The behavioral processes of learning and memory are reflected at the cellular level by changes in synaptic plasticity. In simple terms, synapses are not static, but rather subject to rapid modulation in strength and/or structure. Among many mechanisms that may alter synaptic performance, those that affect the probability and/or amount of neurotransmitter release at the active zone (AZ) are widespread in the CNS. Indeed, it is well established that the rate and extent to which the AZ reloads and primes vesicles to fusion competency dictates the rate at which neurons may sustain normal action potential mediated synaptic transmission. Sustained secretion from neuroendocrine cells is also defined by the rate of recruitment, docking, and priming of dense core secretory granules. Remarkably, similar sets of proteins have been identified in neurons and neuroendocrine cells that act to replenish and prime secretory vesicles to fusion competency. Yet, an understanding of the spatio-temporal dynamics, functional inter-relationships, and structural arrangement of these proteins remains poorly understood. Our laboratory applies a multidisciplinary approach towards developing a mechanistic understanding of the molecular pathways that control regulated exocytotic events at synapses and in neuroendocrine cells. Our long-term goal is use the information to identify deficits in the signaling pathways and exocytotic process that underlie specific neurodegenerative disease states and of pathophysiological imbalances in neurohormone secretion.

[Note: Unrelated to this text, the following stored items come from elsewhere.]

theorem mainTheorem6:
  fixes M :: "'a measure" and b :: nat and s :: "nat \<Rightarrow> nat"
    and P :: "nat \<Rightarrow> nat \<Rightarrow> 'a \<Rightarrow> real"
    and T :: "(nat \<times> nat) set" and \<alpha> lam :: real
  assumes "prob_space M"
    and "b \<ge> 1"
    and meas: "\<And>i j. (i, j) \<in> hyp_idx b s \<Longrightarrow> P i j \<in> borel_measurable M"
    and true_nulls: "T \<subseteq> hyp_idx b s"
    and unif: "\<And>i j. (i, j) \<in> T \<Longrightarrow>
                 distr M lborel (P i j) = uniform_measure lborel {0<..<1}"
    and indep: "prob_space.indep_vars M (\<lambda>i. PiM {1..s i} (\<lambda>_. borel))
                  (\<lambda>i \<omega>. \<lambda>j\<in>{1..s i}. P i j \<omega>) {1..b}"
    and "0 < \<alpha>" and "\<alpha> < 1"
    and "(2 * real b + 3) powr (- 2 / (real b + 2)) \<le> lam" and "lam < 1"
  shows "measure M {\<omega> \<in> space M. \<exists>(i, j) \<in> T. P i j \<omega> \<le> \<alpha> / n0_hat b s P lam \<omega>} \<le> \<alpha>"
proof -
  interpret block_p_values M b s P T
    by (rule block_p_values.intro[OF \<open>prob_space M\<close>], unfold_locales) (fact meas true_nulls unif indep)+
  have "0 < (2 * real b + 3) powr (- 2 / (real b + 2))" by simp
  then have "0 \<le> lam" using \<open>(2 * real b + 3) powr (- 2 / (real b + 2)) \<le> lam\<close> by linarith
  with \<open>0 < \<alpha>\<close> \<open>\<alpha> < 1\<close> \<open>lam < 1\<close> show ?thesis by (intro fwer_le) auto
qed

end
(* Consider $\texttt{CCI}_{n,\mu}(T,C,I,J)$ with $\mathcal{S},\mathcal{C}^{\text{out}},\mathcal{C}^{\text{in}}\subseteq\mathbb{N}$, and assume $\mathbb{E}[T^{1+\varepsilon}]<\infty$ for some $\varepsilon>0$, $\inf_i\{\lambda_i:\lambda_i>0\}>0$ and $\inf_j\{\varrho_j:\varrho_j>0\}>0$. Let $t,s\in\mathcal{S}$ be two vertex types of which at least one is not stable at tolerance $\tau\in(0,1)$, and for $a\in[\lfloor\mu n\rfloor]$ let $\mathcal{A}^{(a)}_{ts}$ be the event that arc $a$ is placed from a vertex of type $t$ to a vertex of type $s$. Then there exists a constant $\widehat{C}>0$ such that for any fixed $r>0$, $$\mathbb{P}(\mathcal{A}^{(a)}_{ts})\le\widehat{C}\sqrt{q_tq_s}\Big(\sqrt{q_tq_s}+\frac{\log(n)}{\sqrt n}+\frac1{n^r}\Big).$$
   Context: Inputs: type distribution $T$ on $\mathcal{S}$, $q_k=\mathbb{P}(T=k)$; colour distribution $C=(C^{\text{out}},C^{\text{in}})$; indicators $I:\mathcal{S}\times\mathcal{C}^{\text{out}}\to\{0,1\}$, $J:\mathcal{S}\times\mathcal{C}^{\text{in}}\to\{0,1\}$; $\mu>0$; $\lambda_i=\sum_kq_kI(k,i)$, $\varrho_j=\sum_kq_kJ(k,j)$. $\texttt{CCI}_{n,\mu}(T,C,I,J)$: vertex set $[n]$, i.i.d. types $T_v\sim T$; for each $a\in[\lfloor\mu n\rfloor]$ an independent colour $C_a\sim C$; choose $v$ uniformly from $\{v:I(T_v,C^{\text{out}}_a)=1\}$ and independently $w$ uniformly from $\{w:J(T_w,C^{\text{in}}_a)=1\}$, and add arc $a=(v,w)$. Stability: $u_n^\uparrow(\tau)=\inf\{t:q_s<n^{-1+\tau}\ \forall s\ge t\}$; type $t$ is stable at tolerance $\tau$ if $t<u_n^\uparrow(\tau)$. *)

theory Defs
  imports "HOL-Probability.Probability"
begin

Currently under intense investigation are projects to identify and understand signaling processes that control the formation & disassembly of those molecular complexes that regulate neurotransmitter release. Among the molecular assemblies critically important to neurotransmitter release is the formation of SNARE core complexes composed of a vesicle delimited R-SNARE protein (VAMP) with plasma membrane localized Q-SNARE proteins (SNAP25, & Syntaxin). Controlling the rate or extent of SNARE core complex formation exerts a profound influence on neurotransmitter and neurohormone release. We work on different identifying and defining the spatial and temporal dynamics, as well as mechanism(s) of action, of specific regulators of SNARE complex formation. One of these is a protein termed Tomosyn, which is a soluble R-SNARE protein that when activated reduces formation of fusion competent SNARE core complexes and neurotransmitter release. Additional regulators under investigation include a number of active zone proteins known to strongly influence the probability of vesicle release. We use combinations of state of the art molecular, imaging and electrophysiological methodology to image protein and vesicle mobility in living cells, to quantify the dynamic assembly/dissolution and functional consequences of protein complexes.
An additional important focus of research in the laboratory centers on understanding regulatory controls on insulin secretion from pancreatic β-cells. Secretion of insulin is essential for the maintenance of glucose homeostasis and for tissue development and growth. Insulin is normally secreted at rates and times appropriate to maintain blood glucose levels within a narrow range. Type-2 diabetes occurs when the ability of β-cells to release insulin is insufficient for proper regulation of glucose and lipid metabolism. This problem is further complicated by an excessive demand for insulin, which may arise, in part, as a result of insulin-resistance of peripheral tissues. Our studies focus on defining the role and regulation of Rab proteins that are involved in glucose induced insulin secretion (GSIS). Among the Rab proteins in β-cells, Rab27A is critically important in regulating the terminal events in GSIS. Yet, to date little is known on regulation of RAb27A, the role of specific effectors (many effectors have been identified), or the specific molecular mechanisms by which Rab27A tunes secretory throughput.